◆ **Task to carry out**
Where does "auto" occur in the listing? Copy every line that holds it.

◆ **Excerpted data**
lemma d_div_4_le_card:
  fixes \<Delta> :: "('c, 'e) monoid_scheme"
  assumes \<Delta>: "group \<Delta>" "finite (carrier \<Delta>)" and h: "h \<in> hom G \<Delta>"
    and inj: "inj_on h (word_ball G {\<alpha>, \<beta>} l)" and l: "12 * R + 4 \<le> l"
  shows "D div 4 \<le> card (carrier \<Delta>)"
proof -
  interpret h: group_hom G \<Delta> h
    using \<Delta>(1) h G_group by (simp add: group_hom_def group_hom_axioms_def)
  let ?t = "\<sigma> [^]\<^bsub>G\<^esub> (4::nat)"
  have "h z \<noteq> h (conjugate G ?t z)"
    using inj z_in_word_ball[OF l] conj_sigma4_z_in_word_ball[OF l] z_neq_conj_sigma4_z
    by (meson inj_on_contraD)
  then have "h z \<noteq> h (conjugate G (?t [^]\<^bsub>G\<^esub> k) z)" if "1 \<le> k" "k < D div 4" for k
    using h.hom_neq_conjugate_pow[where t = ?t and N = "D div 4"]
      sigma_G z_G W_G W_conj_sigma4_z W_commutes_conj_z that
    by (simp add: G.nat_pow_pow mult.commute)
  then have "inj_on (\<lambda>i::nat. h (conjugate G (?t [^]\<^bsub>G\<^esub> i) z)) {..<D div 4}"
    using sigma_G z_G by (intro h.inj_on_hom_conjugates_pow) simp_all
  moreover have "(\<lambda>i::nat. h (conjugate G (?t [^]\<^bsub>G\<^esub> i) z)) ` {..<D div 4} \<subseteq> carrier \<Delta>"
    using sigma_G z_G by auto
  ultimately show ?thesis using card_inj_on_le[OF _ _ \<Delta>(2)] by fastforce
qed

lemma d_div_4_le_full_rf_growth:
  "12 * R + 4 \<le> l \<Longrightarrow> D div 4 \<le> full_rf_growth G {\<alpha>, \<beta>} l"
  by (rule full_rf_growth_ge[OF ex_finite_quotient_inj_on_ball d_div_4_le_card])

end

section \<open>Construction of d and r\<close>

definition least_prime_ge :: "nat \<Rightarrow> nat" where
  "least_prime_ge B = (LEAST p. Factorial_Ring.prime p \<and> B \<le> p)"

lemma least_prime_ge_spec: "Factorial_Ring.prime (least_prime_ge B) \<and> B \<le> least_prime_ge B"
proof -
  obtain p where "Factorial_Ring.prime p \<and> B < p" using bigger_prime by blast
  then have "\<exists>p. Factorial_Ring.prime p \<and> B \<le> p" by auto
  then show ?thesis unfolding least_prime_ge_def by (rule LeastI_ex)
qed

(* The k-th triple is (r(k+1), d(k), d(1) * ... * d(k)); r(k+1) is a multiple of d(1), ..., d(k)
   and d(k) is chosen only after r(k+1), large compared to it. *)
fun rdp :: "(nat \<Rightarrow> nat) \<Rightarrow> nat \<Rightarrow> nat \<times> nat \<times> nat" where
  "rdp F 0 = (1, 0, 1)"
| "rdp F (Suc k) = (case rdp F k of (r, d, p) \<Rightarrow>
     let r' = (2 * r + 1) * p; d' = least_prime_ge (d + 3 * r' + 4 * F (12 * r' + 4) + 11)
     in (r', d', p * d'))"

definition "r_next F k = fst (rdp F k)"
definition "d_constr F k = fst (snd (rdp F k))"
definition "d_prod F k = snd (snd (rdp F k))"

lemma rdp_0: "r_next F 0 = 1" "d_constr F 0 = 0" "d_prod F 0 = 1"
  by (simp_all add: r_next_def d_constr_def d_prod_def)

lemma rdp_Suc:
  "r_next F (Suc k) = (2 * r_next F k + 1) * d_prod F k"
  "d_constr F (Suc k) = least_prime_ge (d_constr F k + 3 * r_next F (Suc k)
      + 4 * F (12 * r_next F (Suc k) + 4) + 11)"
  "d_prod F (Suc k) = d_prod F k * d_constr F (Suc k)"
  by (simp_all add: r_next_def d_constr_def d_prod_def Let_def split: prod.splits)

lemma d_constr_Suc_ge:
  "d_constr F k + 3 * r_next F (Suc k) + 4 * F (12 * r_next F (Suc k) + 4) + 11 \<le> d_constr F (Suc k)"
  using least_prime_ge_spec rdp_Suc(2) by metis

lemma d_prod_pos: "1 \<le> d_prod F k"
proof (induction k)
  case (Suc k)
  have "1 \<le> d_constr F (Suc k)" using d_constr_Suc_ge[of F k] by simp
  then show ?case using Suc.IH by (simp add: rdp_Suc(3) one_le_mult_iff)
qed (simp add: rdp_0)

lemma d_constr_dvd_d_prod: "1 \<le> n \<Longrightarrow> n \<le> k \<Longrightarrow> d_constr F n dvd d_prod F k"
  by (induction k) (auto simp: rdp_Suc(3) le_Suc_eq)

lemma r_next_Suc_ge: "2 * r_next F k + 1 \<le> r_next F (Suc k)"
  using mult_le_mono2[OF d_prod_pos, of "2 * r_next F k + 1" F k] by (simp add: rdp_Suc(1))

lemma strict_mono_r_next: "strict_mono (r_next F)"
  unfolding strict_mono_Suc_iff
proof
  fix k
  show "r_next F k < r_next F (Suc k)" using r_next_Suc_ge[of F k] by simp
qed

lemma r_next_ge: "Suc k \<le> r_next F k"
proof (induction k)
  case (Suc k)
  then show ?case using r_next_Suc_ge[of F k] by simp
qed (simp add: rdp_0)

definition "r_constr F n = r_next F (n - 1)"

lemma d_constr_ge_F:
  "1 \<le> n \<Longrightarrow> 3 * r_constr F (Suc n) + 4 * F (12 * r_constr F (Suc n) + 4) + 11 \<le> d_constr F n"
  using d_constr_Suc_ge[of F "n - 1"] by (cases n) (auto simp: r_constr_def)

lemma d_constr_prime: "1 \<le> n \<Longrightarrow> Factorial_Ring.prime (d_constr F n)"
  using least_prime_ge_spec rdp_Suc(2) by (cases n) auto

lemma mono_d_constr: "mono (d_constr F)"
  unfolding mono_iff_le_Suc
proof
  fix k
  show "d_constr F k \<le> d_constr F (Suc k)" using d_constr_Suc_ge[of F k] by simp
qed

lemma r_constr_less: "1 \<le> i \<Longrightarrow> i < j \<Longrightarrow> r_constr F i < r_constr F j"
  using strict_mono_r_next by (simp add: r_constr_def strict_mono_def)

lemma r_constr_ge: "1 \<le> n \<Longrightarrow> n \<le> r_constr F n"
  using r_next_ge[of "n - 1" F] by (simp add: r_constr_def)

lemma r_constr_1: "r_constr F 1 = 1"
  by (simp add: r_constr_def rdp_0)

lemma r_constr_Suc_ge: "1 \<le> n \<Longrightarrow> 2 * r_constr F n + 1 \<le> r_constr F (Suc n)"
  using r_next_Suc_ge[of F "n - 1"] by (cases n) (auto simp: r_constr_def)

lemma r_constr_Suc_lt_d_constr: "1 \<le> n \<Longrightarrow> 3 * r_constr F (Suc n) + 11 \<le> d_constr F n"
  using d_constr_ge_F[of n F] by simp

lemma d_constr_dvd_r_constr: "1 \<le> n \<Longrightarrow> n + 2 \<le> m \<Longrightarrow> d_constr F n dvd r_constr F m"
  using d_constr_dvd_d_prod[of n "m - 2" F] rdp_Suc(1)[of F "m - 2"]
  by (simp add: r_constr_def Suc_diff_Suc numeral_2_eq_2)

lemma Alt_prod_gens_constr: "Alt_prod_gens (d_constr F) (r_constr F)"
proof
  fix n :: nat assume n: "1 \<le> n"
  have "r_constr F n < r_constr F (Suc n)" using r_constr_less[OF n] by simp
  then show "2 * r_constr F n + 1 \<le> d_constr F n" using r_constr_Suc_lt_d_constr[OF n, of F] by simp
  show "1 \<le> r_constr F n" using r_constr_ge[OF n, of F] n by simp
  have "2 < d_constr F n" using r_constr_Suc_lt_d_constr[OF n, of F] by simp
  then show "odd (d_constr F n)" using prime_odd_nat[OF d_constr_prime[OF n]] by blast
qed

lemma good_coordinate_constr:
  assumes m: "1 \<le> m"
  shows "good_coordinate (d_constr F) (r_constr F) m"
proof (intro good_coordinate.intro good_coordinate_axioms.intro Alt_prod_gens_constr m
    d_constr_prime)
  show "8 < d_constr F m" using r_constr_Suc_lt_d_constr[OF m, of F] by simp
  fix n assume n: "1 \<le> n" "n \<noteq> m"
  let ?r = "r_constr F" and ?d = "d_constr F"
  consider "n + 2 \<le> m" | "Suc n = m" | "m < n" using n(2) by linarith
  then show "?d n dvd ?r m \<or> (?r m + 2 * ?r n < ?d n \<and> ?r m \<noteq> ?r n \<and> ?r m \<noteq> 2 * ?r n)"
  proof cases
    case 1
    then show ?thesis using d_constr_dvd_r_constr[OF n(1)] by simp
  next
    case 2
    then show ?thesis
      using r_constr_Suc_ge[OF n(1), of F] r_constr_Suc_lt_d_constr[OF n(1), of F] by simp
  next
    case 3
    then show ?thesis
      using r_constr_less[OF m 3, of F] r_constr_less[OF n(1), of "Suc n" F]
        r_constr_Suc_lt_d_constr[OF n(1), of F]
      by simp
  qed
qed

◆ **The answer**
    using sigma_G z_G by auto
  then have "\<exists>p. Factorial_Ring.prime p \<and> B \<le> p" by auto
  by (induction k) (auto simp: rdp_Suc(3) le_Suc_eq)
  using d_constr_Suc_ge[of F "n - 1"] by (cases n) (auto simp: r_constr_def)
  using least_prime_ge_spec rdp_Suc(2) by (cases n) auto
  using r_next_Suc_ge[of F "n - 1"] by (cases n) (auto simp: r_constr_def)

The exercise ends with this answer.